Jensen Jakob Solgaard, Bielefeldt Andreas Ørsted, Hróbjartsson Asbjørn
The Nordic Cochrane Centre, Rigshospitalet Department 7811, Blegdamsvej 9, 2100 Copenhagen Ø, Denmark.
The Nordic Cochrane Centre, Rigshospitalet Department 7811, Blegdamsvej 9, 2100 Copenhagen Ø, Denmark.
J Clin Epidemiol. 2017 Jul;87:35-46. doi: 10.1016/j.jclinepi.2017.03.001. Epub 2017 Mar 22.
Active placebos are control interventions that mimic the side effects of the experimental interventions in randomized trials and are sometimes used to reduce the risk of unblinding. We wanted to assess how often randomized clinical drug trials use active placebo control groups; to provide a catalog, and a characterization, of such trials; and to analyze methodological arguments for and against the use of active placebo.
An overview consisting of three thematically linked substudies. In an observational substudy, we assessed the prevalence of active placebo groups based on a random sample of 200 PubMed indexed placebo-controlled randomized drug trials published in October 2013. In a systematic review, we identified and characterized trials with active placebo control groups irrespective of publication time. In a third substudy, we reviewed publications with substantial methodological comments on active placebo groups (searches in PubMed, The Cochrane Library, Google Scholar, and HighWirePress).
The prevalence of trials with active placebo groups published in 2013 was 1 out of 200 (95% confidence interval: 0-2), 0.5% (0-1%). We identified and characterized 89 randomized trials (published 1961-2014) using active placebos, for example, antihistamines, anticholinergic drugs, and sedatives. Such trials typically involved a crossover design, the experimental intervention had noticeable side effects, and the outcomes were patient-reported. The use of active placebos was clustered in specific research settings and did not appear to reflect consistently the side effect profile of the experimental intervention, for example, selective serotonin reuptake inhibitors were compared with active placebos in pain trials but not in depression trials. We identified and analyzed 25 methods publications with substantial comments.
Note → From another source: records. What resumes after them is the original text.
lemma sylvester_entrywise_mult_vec:
  fixes M :: "complex mat" and a b :: "nat \<Rightarrow> complex"
  assumes M: "M \<in> carrier_mat p q" and a: "\<And>l. l < p \<Longrightarrow> a l \<noteq> 0"
    and ab: "\<And>l m. l < p \<Longrightarrow> m < q \<Longrightarrow> a l \<noteq> b m" and u: "u \<in> carrier_vec q"
  defines "Ct \<equiv> Matrix.mat p q (\<lambda>(l, m). M $$ (l, m) / (1 - b m / a l))"
  shows "Ct *\<^sub>v u = diagm p (\<lambda>l. 1 / a l) *\<^sub>v (Ct *\<^sub>v (diagm q b *\<^sub>v u)) + M *\<^sub>v u"
proof (rule eq_vecI)
  have Ct: "Ct \<in> carrier_mat p q"
    by (simp add: Ct_def)
  have bu: "diagm q b *\<^sub>v u \<in> carrier_vec q"
    using u by simp
  fix l
  assume "l < dim_vec (diagm p (\<lambda>l. 1 / a l) *\<^sub>v (Ct *\<^sub>v (diagm q b *\<^sub>v u)) + M *\<^sub>v u)"
  then have l: "l < p"
    using M by simp
  have entry: "M $$ (l, m) = Ct $$ (l, m) - 1 / a l * (Ct $$ (l, m) * b m)" if m: "m < q" for m
  proof -
    have "1 - b m / a l \<noteq> 0"
      using a[OF l] ab[OF l m] by (simp add: field_simps)
    then have "M $$ (l, m) = Ct $$ (l, m) * (1 - b m / a l)"
      using l m by (simp add: Ct_def)
    then show ?thesis
      using a[OF l] by (simp add: field_simps)
  qed
  have "(Ct *\<^sub>v u) $ l = (\<Sum>m<q. Ct $$ (l, m) * u $ m)"
    by (rule mult_mat_vec_index_sum[OF Ct u l])
  also have "\<dots> = (\<Sum>m<q. 1 / a l * (Ct $$ (l, m) * (b m * u $ m)) + M $$ (l, m) * u $ m)"
  proof (rule sum.cong[OF refl])
    fix m
    assume "m \<in> {..<q}"
    then have "m < q"
      by simp
    then show "Ct $$ (l, m) * u $ m = 1 / a l * (Ct $$ (l, m) * (b m * u $ m)) + M $$ (l, m) * u $ m"
      by (simp only: entry) (simp add: algebra_simps)
  qed
  also have "\<dots> = 1 / a l * (\<Sum>m<q. Ct $$ (l, m) * (diagm q b *\<^sub>v u) $ m) + (\<Sum>m<q. M $$ (l, m) * u $ m)"
    by (simp add: sum.distrib sum_distrib_left diagm_mult_vec_index[OF u] del: index_mult_mat_vec)
  also have "\<dots> = 1 / a l * (Ct *\<^sub>v (diagm q b *\<^sub>v u)) $ l + (M *\<^sub>v u) $ l"
    by (simp only: mult_mat_vec_index_sum[OF Ct bu l] mult_mat_vec_index_sum[OF M u l])
  also have "\<dots> = (diagm p (\<lambda>l. 1 / a l) *\<^sub>v (Ct *\<^sub>v (diagm q b *\<^sub>v u)) + M *\<^sub>v u) $ l"
    using l M by (simp add: diagm_mult_vec_index[OF mult_mat_vec_carrier[OF Ct bu] l] del: index_mult_mat_vec)
  finally show "(Ct *\<^sub>v u) $ l = (diagm p (\<lambda>l. 1 / a l) *\<^sub>v (Ct *\<^sub>v (diagm q b *\<^sub>v u)) + M *\<^sub>v u) $ l" .
qed (use M in \<open>simp add: Ct_def\<close>)

lemma mult_mat_vec_sum:
  fixes A :: "'a :: comm_ring mat"
  assumes A: "A \<in> carrier_mat m k" and F: "\<And>j. j \<in> S \<Longrightarrow> F j \<in> carrier_vec k"
  shows "A *\<^sub>v Matrix.vec k (\<lambda>r. \<Sum>j\<in>S. c j * F j $ r) = Matrix.vec m (\<lambda>r. \<Sum>j\<in>S. c j * (A *\<^sub>v F j) $ r)"
proof (rule eq_vecI)
  fix r
  assume "r < dim_vec (Matrix.vec m (\<lambda>r. \<Sum>j\<in>S. c j * (A *\<^sub>v F j) $ r))"
  then have r: "r < m"
    by simp
  have "(A *\<^sub>v Matrix.vec k (\<lambda>r. \<Sum>j\<in>S. c j * F j $ r)) $ r = (\<Sum>q<k. A $$ (r, q) * (\<Sum>j\<in>S. c j * F j $ q))"
    using mult_mat_vec_index_sum[OF A _ r] by simp
  also have "\<dots> = (\<Sum>j\<in>S. c j * (\<Sum>q<k. A $$ (r, q) * F j $ q))"
    by (simp add: sum_distrib_left sum.swap[of _ S] mult.left_commute)
  also have "\<dots> = (\<Sum>j\<in>S. c j * (A *\<^sub>v F j) $ r)"
    using mult_mat_vec_index_sum[OF A F r] by simp
  finally show "(A *\<^sub>v Matrix.vec k (\<lambda>r. \<Sum>j\<in>S. c j * F j $ r)) $ r = Matrix.vec m (\<lambda>r. \<Sum>j\<in>S. c j * (A *\<^sub>v F j) $ r) $ r"
    using r by simp
qed (use A in simp)

lemma minus_one_power_diff:
  assumes "j < k"
  shows "(-1 :: 'a :: ring_1) ^ (k - j) = - ((-1) ^ (k - 1 - j))"
proof -
  from assms have "k - j = Suc (k - 1 - j)"
    by simp
  then show ?thesis
    by simp
qed

lemma tendsto_zero_dominated_geometric:
  fixes f :: "nat \<Rightarrow> real" and a c :: "'i \<Rightarrow> real"
  assumes S: "finite S" and f_nonneg: "\<And>t. 0 \<le> f t" and f_le: "\<And>t. f t \<le> (\<Sum>j\<in>S. c j * a j ^ t)"
    and a: "\<And>j. j \<in> S \<Longrightarrow> 0 \<le> a j \<and> a j < b"
  shows "(\<lambda>t. f t / b ^ t) \<longlonglongrightarrow> 0"
proof (cases "S = {}")
  case True
  then have "f = (\<lambda>_. 0)"
    using f_nonneg f_le by (auto intro: order_antisym)
  then show ?thesis
    by simp
next
  case False
  then have b: "b > 0"
    using a by force
  have "(\<lambda>t. \<Sum>j\<in>S. c j * (a j / b) ^ t) \<longlonglongrightarrow> 0"
    using a b by (intro tendsto_null_sum tendsto_mult_right_zero LIMSEQ_power_zero) auto
  moreover have "\<forall>\<^sub>F t in sequentially. norm (f t / b ^ t) \<le> (\<Sum>j\<in>S. c j * (a j / b) ^ t)"
    using f_nonneg f_le b
    by (intro always_eventually allI) (simp add: divide_right_mono sum_divide_distrib[symmetric] power_divide)
  ultimately show ?thesis
    by (rule Lim_null_comparison[rotated])
qed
The main argument for active placebo was to reduce risk of unblinding; the main argument against was the risk of unintended therapeutic effect.
Pharmacological active placebo control interventions are rarely used in randomized clinical trials, but they constitute a methodological tool which merits serious consideration. We suggest that active placebos are used more often in trials of drugs with noticeable side effects, especially in situations where the expected therapeutic effects are modest and the risk of bias due to unblinding is high.
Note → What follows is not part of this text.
(* Let $\iota:\mathcal{S}_\bullet\to\mathcal{T}_\bullet$ be the linear map sending $\sigma\in S_n$ to the set composition $(\{\sigma(1)\},\ldots,\{\sigma(n)\})\in\mathsf{Comp}_n$. Then $\iota$ is an injective morphism of Hopf algebras $(\mathcal{S}_\bullet,\times,\hat{\delta})\to(\mathcal{T}_\bullet,\overline{\ast},\hat{\delta})$ (an embedding of enveloping algebras), and it is also an injective morphism of Hopf algebras from the Malvenuto–Reutenauer Hopf algebra $(\mathcal{S}_\bullet,\ast,\overline{\delta})$ into $(\mathcal{T}_\bullet,\hat{\ast},\overline{\delta})$.
   Context: $[n]=\{1,\ldots,n\}$; $\mathcal{S}_\bullet=\bigoplus_{n\ge0}\mathbb{Z}[S_n]$, a permutation $\sigma\in S_n$ being identified with the word $(\sigma(1),\ldots,\sigma(n))$. For a word $w$ in distinct positive integers and a set $A$, $w|_A$ is the subsequence of letters in $A$, and $\mathsf{is}_A$ standardizes (replaces letters by their ranks). On $\mathcal{S}_\bullet$: $(\alpha\times\beta)(i)=\alpha(i)$ for $i\le n$ and $n+\beta(i-n)$ for $i>n$ ($\alpha\in S_n$, $\beta\in S_m$); $\hat{\delta}(\alpha)=\sum_{S\sqcup T=[n]}\mathsf{is}_S(\alpha|_S)\otimes\mathsf{is}_T(\alpha|_T)$; $\alpha\ast\beta=q_{(n,m)}\cdot(\alpha\times\beta)$ (product in $\mathbb{Z}[S_{n+m}]$), where $q_{(n,m)}$ is the sum of all $\pi\in S_{n+m}$ with $\pi(1)<\cdots<\pi(n)$ and $\pi(n+1)<\cdots<\pi(n+m)$; $\overline{\delta}(\alpha)=\sum_{i=0}^n\alpha|_{[i]}\otimes\mathsf{is}_{\{i+1,\ldots,n\}}(\alpha|_{\{i+1,\ldots,n\}})$. Set compositions: a set composition of a finite $S\subset\mathbb{N}$ is a tuple of pairwise disjoint non-empty subsets with union $S$; $\mathsf{Comp}_n$ is the set of those of $[n]$; $\mathcal{T}_\bullet=\bigoplus_n\mathbb{Z}[\mathsf{Comp}_n]$. $\mathsf{is}_{S,T}$ relabels blockwise by the order-preserving bijection $S\to T$, $\mathsf{is}_S=\mathsf{is}_{S,[|S|]}$; $P|_A=\mathsf{is}_A((P_1\cap A,\ldots,P_k\cap A)^\#)$, $^\#$ deleting empty entries; $\ast$ is concatenation of tuples on disjoint ground sets. For $P=(P_1,\ldots,P_k)\in\mathsf{Comp}_p$, $Q=(Q_1,\ldots,Q_l)\in\mathsf{Comp}_q$: $P\,\overline{\ast}\,Q=(P_1,\ldots,P_k,p+Q_1,\ldots,p+Q_l)$ with $p+X=\{p+x\}$; $P\,\hat{\ast}\,Q=\sum_{A\sqcup B=[p+q],|A|=p}\mathsf{is}_{[p],A}(P)\ast\mathsf{is}_{[q],B}(Q)$. For $P\in\mathsf{Comp}_n$: $\hat{\delta}(P)=\sum_{A\sqcup B=[n]}P|_A\otimes P|_B$, $\overline{\delta}(P)=\sum_{p+q=n}P|_{[p]}\otimes P|_{\{p+1,\ldots,n\}}$. *)

theory Defs
  imports "HOL-Library.Poly_Mapping"
begin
活性安慰剂是在随机试验中模拟试验性干预措施副作用的对照干预措施,有时用于降低破盲风险。我们希望评估随机临床药物试验使用活性安慰剂对照组的频率;提供此类试验的目录和特征描述;并分析支持和反对使用活性安慰剂的方法学论据。
一项由三个主题相关的子研究组成的综述。在一项观察性子研究中,我们基于2013年10月发表的200篇被PubMed收录的安慰剂对照随机药物试验的随机样本,评估活性安慰剂组的患病率。在一项系统评价中,我们识别并描述了使用活性安慰剂对照组的试验,不考虑发表时间。在第三个子研究中,我们回顾了对活性安慰剂组有大量方法学评论的出版物(在PubMed、Cochrane图书馆、谷歌学术和HighWirePress中检索)。
2013年发表的使用活性安慰剂组的试验患病率为200分之一(95%置信区间:0 - 2),即0.5%(0 - 1%)。我们识别并描述了89项使用活性安慰剂的随机试验(发表于1961 - 2014年),例如抗组胺药、抗胆碱能药物和镇静剂。此类试验通常采用交叉设计,试验性干预措施有明显副作用,且结果由患者报告。活性安慰剂的使用集中在特定研究环境中,似乎并未始终反映试验性干预措施的副作用特征,例如,在疼痛试验中选择性5 - 羟色胺再摄取抑制剂与活性安慰剂进行了比较,但在抑郁症试验中未进行比较。我们识别并分析了25篇有大量评论的方法学出版物。支持活性安慰剂的主要论据是降低破盲风险;反对的主要论据是意外治疗效果的风险。
药理活性安慰剂对照干预措施在随机临床试验中很少使用,但它们构成了一种值得认真考虑的方法学工具。我们建议,在有明显副作用的药物试验中,尤其是在预期治疗效果适度且因破盲导致偏倚风险较高的情况下,应更频繁地使用活性安慰剂。